The Standard Problem of Nonlocal Thermodynamic Equilibrium Radiative Transfer in the Rovibrational Band of the Planetary Atmosphere

Abstract

The standard problem of radiative transfer in a rovibrational band is formulated for an optically semi-infinite plane-parallel planetary atmosphere using a model of a linear molecule with two vibrational states. The solution of the problem describes the variation with height of the population of the excited vibrational state due to the existence of the upper boundary of the atmosphere. We seek this solution as a function of the specially introduced dimensionless parameters—the atmosphere depth and four similarity parameters—and study it for the parameter values that can be realized in the planetary atmospheres, including the atmospheres of extrasolar planets.
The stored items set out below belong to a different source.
text \<open>Rotating by \<open>\<zeta> = cis (pi / \<bar>n - m\<bar>)\<close> multiplies the integral by \<open>\<zeta>\<^sup>n cnj \<zeta>\<^sup>m = -1\<close>.\<close>
lemma integral_disc_monomial_eq_0:
  assumes "n \<noteq> m"
  shows "(\<integral>z. disc_monomial n m \<alpha> R z \<partial>lborel) = 0"
proof -
  define d where "d = real n - real m"
  define \<zeta> where "\<zeta> = cis (pi / \<bar>d\<bar>)"
  have "\<zeta> ^ n * cnj \<zeta> ^ m = cis (real n * (pi / \<bar>d\<bar>)) * cis (real m * - (pi / \<bar>d\<bar>))"
    unfolding \<zeta>_def cis_cnj by (simp only: Complex.DeMoivre)
  also have "\<dots> = cis (d * (pi / \<bar>d\<bar>))"
    by (simp add: cis_mult d_def algebra_simps diff_divide_distrib)
  also have "\<dots> = -1"
  proof -
    have "d \<noteq> 0"
      using assms by (simp add: d_def)
    then have "d * (pi / \<bar>d\<bar>) = pi \<or> d * (pi / \<bar>d\<bar>) = - pi"
      by (cases "d > 0") (simp_all add: field_simps)
    then show ?thesis
      by (auto simp: cis.ctr complex_eq_iff)
  qed
  finally have rotate: "\<zeta> ^ n * cnj \<zeta> ^ m = -1" .
  have "(\<integral>z. disc_monomial n m \<alpha> R z \<partial>lborel)
      = (\<integral>z. disc_monomial n m \<alpha> R z \<partial>distr lborel borel (\<lambda>z. \<zeta> * z))"
    by (simp add: \<zeta>_def lborel_complex_rotation)
  also have "\<dots> = (\<integral>z. disc_monomial n m \<alpha> R (\<zeta> * z) \<partial>lborel)"
    by (intro integral_distr) simp_all
  also have "\<dots> = - (\<integral>z. disc_monomial n m \<alpha> R z \<partial>lborel)"
    by (simp add: \<zeta>_def disc_monomial_rotate rotate[unfolded \<zeta>_def])
  finally show ?thesis
    by simp
qed

definition disc_moment :: "real \<Rightarrow> real \<Rightarrow> nat \<Rightarrow> real" where
  "disc_moment \<alpha> R k = (\<integral>z. (cmod z) ^ (2 * k) * gauss_weight \<alpha> z * indicator (cball 0 R) z \<partial>lborel)"

lemma disc_monomial_diag:
  "disc_monomial k k \<alpha> R z = of_real ((cmod z) ^ (2 * k) * gauss_weight \<alpha> z * indicator (cball 0 R) z)"
proof -
  have "z ^ k * cnj z ^ k = (z * cnj z) ^ k"
    by (simp add: power_mult_distrib)
  also have "\<dots> = (of_real ((cmod z)\<^sup>2)) ^ k"
    by (simp only: complex_norm_square)
  also have "\<dots> = of_real ((cmod z) ^ (2 * k))"
    by (simp add: power_mult)
  finally have "z ^ k * cnj z ^ k = of_real ((cmod z) ^ (2 * k))" .
  then show ?thesis
    by (simp add: disc_monomial_def mult.assoc)
qed

lemma disc_moment_eq_integral_disc_monomial:
  "of_real (disc_moment \<alpha> R k) = (\<integral>z. disc_monomial k k \<alpha> R z \<partial>lborel)"
  by (simp only: disc_moment_def disc_monomial_diag integral_complex_of_real)

lemma disc_moment_nonneg[simp]: "disc_moment \<alpha> R k \<ge> 0"
  unfolding disc_moment_def by (intro integral_nonneg_AE AE_I2) (simp add: gauss_weight_pos less_imp_le)

lemma ennreal_disc_moment:
  assumes "\<alpha> \<ge> 0"
  shows "ennreal (disc_moment \<alpha> R k)
    = (\<integral>\<^sup>+z. ennreal ((cmod z) ^ (2 * k) * gauss_weight \<alpha> z * indicator (cball 0 R) z) \<partial>lborel)"
proof -
  have "integrable lborel (\<lambda>z. (cmod z) ^ (2 * k) * gauss_weight \<alpha> z * indicator (cball 0 R) z)"
    using integrable_Re[OF integrable_disc_monomial[OF assms, of k k R]] by (simp add: disc_monomial_diag)
  then show ?thesis
    unfolding disc_moment_def
    by (intro nn_integral_eq_integral[symmetric] AE_I2)
      (auto simp: gauss_weight_pos less_imp_le intro!: mult_nonneg_nonneg)
qed

lemma integral_norm_poly_squared_disc:
  fixes c :: "nat \<Rightarrow> complex"
  assumes "\<alpha> \<ge> 0"
  shows "(\<integral>z. (cmod (\<Sum>k<N. c k * z ^ k))\<^sup>2 * gauss_weight \<alpha> z * indicator (cball 0 R) z \<partial>lborel)
       = (\<Sum>k<N. (cmod (c k))\<^sup>2 * disc_moment \<alpha> R k)"
proof -
  have expand: "of_real ((cmod (\<Sum>k<N. c k * z ^ k))\<^sup>2 * gauss_weight \<alpha> z * indicator (cball 0 R) z)
      = (\<Sum>k<N. \<Sum>l<N. (c k * cnj (c l)) * disc_monomial k l \<alpha> R z)" for z
  proof -
    have "of_real ((cmod (\<Sum>k<N. c k * z ^ k))\<^sup>2) = (\<Sum>k<N. c k * z ^ k) * cnj (\<Sum>l<N. c l * z ^ l)"
      by (rule complex_norm_square)
    also have "\<dots> = (\<Sum>k<N. \<Sum>l<N. (c k * z ^ k) * (cnj (c l) * cnj z ^ l))"
      by (simp add: sum_product)
    finally show ?thesis
      by (simp add: disc_monomial_def sum_distrib_left mult_ac)
  qed
  have "(of_real (\<integral>z. (cmod (\<Sum>k<N. c k * z ^ k))\<^sup>2 * gauss_weight \<alpha> z * indicator (cball 0 R) z \<partial>lborel) :: complex)
      = (\<integral>z. of_real ((cmod (\<Sum>k<N. c k * z ^ k))\<^sup>2 * gauss_weight \<alpha> z * indicator (cball 0 R) z) \<partial>lborel)"
    by (rule integral_complex_of_real[symmetric])
  also have "\<dots> = (\<integral>z. (\<Sum>k<N. \<Sum>l<N. (c k * cnj (c l)) * disc_monomial k l \<alpha> R z) \<partial>lborel)"
    by (simp only: expand)
  also have "\<dots> = (\<Sum>k<N. \<Sum>l<N. (c k * cnj (c l)) * (\<integral>z. disc_monomial k l \<alpha> R z \<partial>lborel))"
    using integrable_disc_monomial[OF assms]
    by (simp add: integral_sum integrable_sum)
  also have "\<dots> = (\<Sum>k<N. (c k * cnj (c k)) * (\<integral>z. disc_monomial k k \<alpha> R z \<partial>lborel))"
  proof (rule sum.cong[OF refl])
    fix k
    assume "k \<in> {..<N}"
    then have "(\<Sum>l<N. (c k * cnj (c l)) * (\<integral>z. disc_monomial k l \<alpha> R z \<partial>lborel))
        = (\<Sum>l\<in>{k}. (c k * cnj (c l)) * (\<integral>z. disc_monomial k l \<alpha> R z \<partial>lborel))"
      by (intro sum.mono_neutral_right) (auto simp: integral_disc_monomial_eq_0)
    then show "(\<Sum>l<N. (c k * cnj (c l)) * (\<integral>z. disc_monomial k l \<alpha> R z \<partial>lborel))
        = (c k * cnj (c k)) * (\<integral>z. disc_monomial k k \<alpha> R z \<partial>lborel)"
      by simp
  qed
  also have "\<dots> = of_real (\<Sum>k<N. (cmod (c k))\<^sup>2 * disc_moment \<alpha> R k)"
    by (simp add: disc_moment_eq_integral_disc_monomial[symmetric] flip: complex_norm_square)
  finally show ?thesis
    by (simp only: of_real_eq_iff)
qed

lemma parseval_disc:
  fixes c :: "nat \<Rightarrow> complex" and R :: real
  assumes \<alpha>: "\<alpha> \<ge> 0" and c: "entire_coeffs c"
  defines "F \<equiv> \<lambda>z. (cmod (\<Sum>k. c k * z ^ k))\<^sup>2 * gauss_weight \<alpha> z * indicator (cball 0 R) z"
  shows "integrable lborel F" and "(\<lambda>k. (cmod (c k))\<^sup>2 * disc_moment \<alpha> R k) sums integral\<^sup>L lborel F"
proof -
  define B where "B = (\<Sum>k. cmod (c k) * R ^ k)"
  define s where "s N z = (cmod (\<Sum>k<N. c k * z ^ k))\<^sup>2 * gauss_weight \<alpha> z * indicator (cball 0 R) z" for N z
  have [measurable]: "s N \<in> borel_measurable lborel" for N
  proof -
    have "(\<lambda>z. (cmod (\<Sum>k<N. c k * z ^ k))\<^sup>2 * gauss_weight \<alpha> z) \<in> borel_measurable borel"
      by (intro borel_measurable_continuous_onI continuous_intros)
    then show ?thesis
      unfolding s_def by measurable
  qed
  have lim: "AE z in lborel. (\<lambda>N. s N z) \<longlonglongrightarrow> F z"
    using summable_LIMSEQ[OF summable_norm_cancel[OF entire_coeffs_summable_norm[OF c]]]
    by (intro AE_I2) (auto simp: s_def F_def intro!: tendsto_intros)
  have bound: "AE z in lborel. norm (s N z) \<le> B\<^sup>2 * indicator (cball 0 R) z" for N
  proof (intro AE_I2)
    fix z :: complex
    show "norm (s N z) \<le> B\<^sup>2 * indicator (cball 0 R) z"
    proof (cases "z \<in> cball 0 R")
      case True
      then have "cmod (\<Sum>k<N. c k * z ^ k) \<le> B"
        unfolding B_def using c by (intro norm_partial_power_series_le) auto
      then have "(cmod (\<Sum>k<N. c k * z ^ k))\<^sup>2 * gauss_weight \<alpha> z \<le> B\<^sup>2 * 1"
        using gauss_weight_le_1[OF \<alpha>, of z] gauss_weight_pos[of \<alpha> z]
        by (intro mult_mono power_mono) auto
      then show ?thesis
        using True gauss_weight_pos[of \<alpha> z] by (simp add: s_def)
    qed (simp add: s_def)
  qed
  have dominating: "integrable lborel (\<lambda>z. B\<^sup>2 * indicator (cball (0::complex) R) z)"
    using emeasure_lborel_cball_finite[of "0::complex" R] by (simp add: integrable_indicator_iff)
  have [measurable]: "F \<in> borel_measurable lborel"
    unfolding F_def using c by measurable
  show "integrable lborel F"
    by (rule integrable_dominated_convergence[OF _ _ dominating lim bound]) simp_all
  have "(\<lambda>N. integral\<^sup>L lborel (s N)) \<longlonglongrightarrow> integral\<^sup>L lborel F"
    by (rule integral_dominated_convergence[OF _ _ dominating lim bound]) simp_all
  moreover have "integral\<^sup>L lborel (s N) = (\<Sum>k<N. (cmod (c k))\<^sup>2 * disc_moment \<alpha> R k)" for N
    unfolding s_def[abs_def] by (rule integral_norm_poly_squared_disc[OF \<alpha>])
  ultimately show "(\<lambda>k. (cmod (c k))\<^sup>2 * disc_moment \<alpha> R k) sums integral\<^sup>L lborel F"
    unfolding sums_def by simp
qed

lemma nn_integral_eq_SUP_cball:
  fixes F :: "'a::euclidean_space \<Rightarrow> real"
  assumes [measurable]: "F \<in> borel_measurable borel" and "\<And>z. F z \<ge> 0"
  shows "(\<integral>\<^sup>+z. ennreal (F z) \<partial>lborel) = (SUP n. \<integral>\<^sup>+z. ennreal (F z * indicator (cball 0 (real n)) z) \<partial>lborel)"
proof -
  let ?G = "\<lambda>n z. ennreal (F z * indicator (cball 0 (real n)) z)"
  have "incseq ?G"
    using assms(2) by (intro incseq_SucI le_funI) (auto simp: indicator_def intro!: ennreal_leI)
  moreover have "?G n \<in> borel_measurable lborel" for n
    by measurable
  ultimately have "(\<integral>\<^sup>+z. (SUP n. ?G n z) \<partial>lborel) = (SUP n. \<integral>\<^sup>+z. ?G n z \<partial>lborel)"
    by (intro nn_integral_monotone_convergence_SUP) auto
  moreover have "(SUP n. ?G n z) = ennreal (F z)" for z
  proof (rule antisym)
    show "(SUP n. ?G n z) \<le> ennreal (F z)"
      using assms(2) by (intro SUP_least) (auto simp: indicator_def intro!: ennreal_leI)
    obtain n :: nat where "norm z \<le> real n"
      using real_arch_simple by blast
    then show "ennreal (F z) \<le> (SUP n. ?G n z)"
      by (intro SUP_upper2[of n]) simp_all
  qed
  ultimately show ?thesis
    by simp
qed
It is shown that an increase in the optical density of the atmosphere can reduce the population of an excited vibrational state in the band at the upper boundary of the atmosphere by as much as several orders of magnitude as compared to the population corresponding to the “optically thin band” limit. The anomalous decrease in the opacity of the atmosphere, when only several lines of the band are involved in radiative transfer, is predicted. We also determined the accuracy of calculating the population in the approximation of the Doppler line profile. An approximate formula is obtained for the dimensionless height of the boundary of the layer in which the local thermodynamic equilibrium exists for vibrational states. We propose a model and the formula following from this model to roughly evaluate the decrease in this height due to the impact on the population of additional radiative transitions between the state being considered and the underlying state belonging to another vibrational mode of the molecule.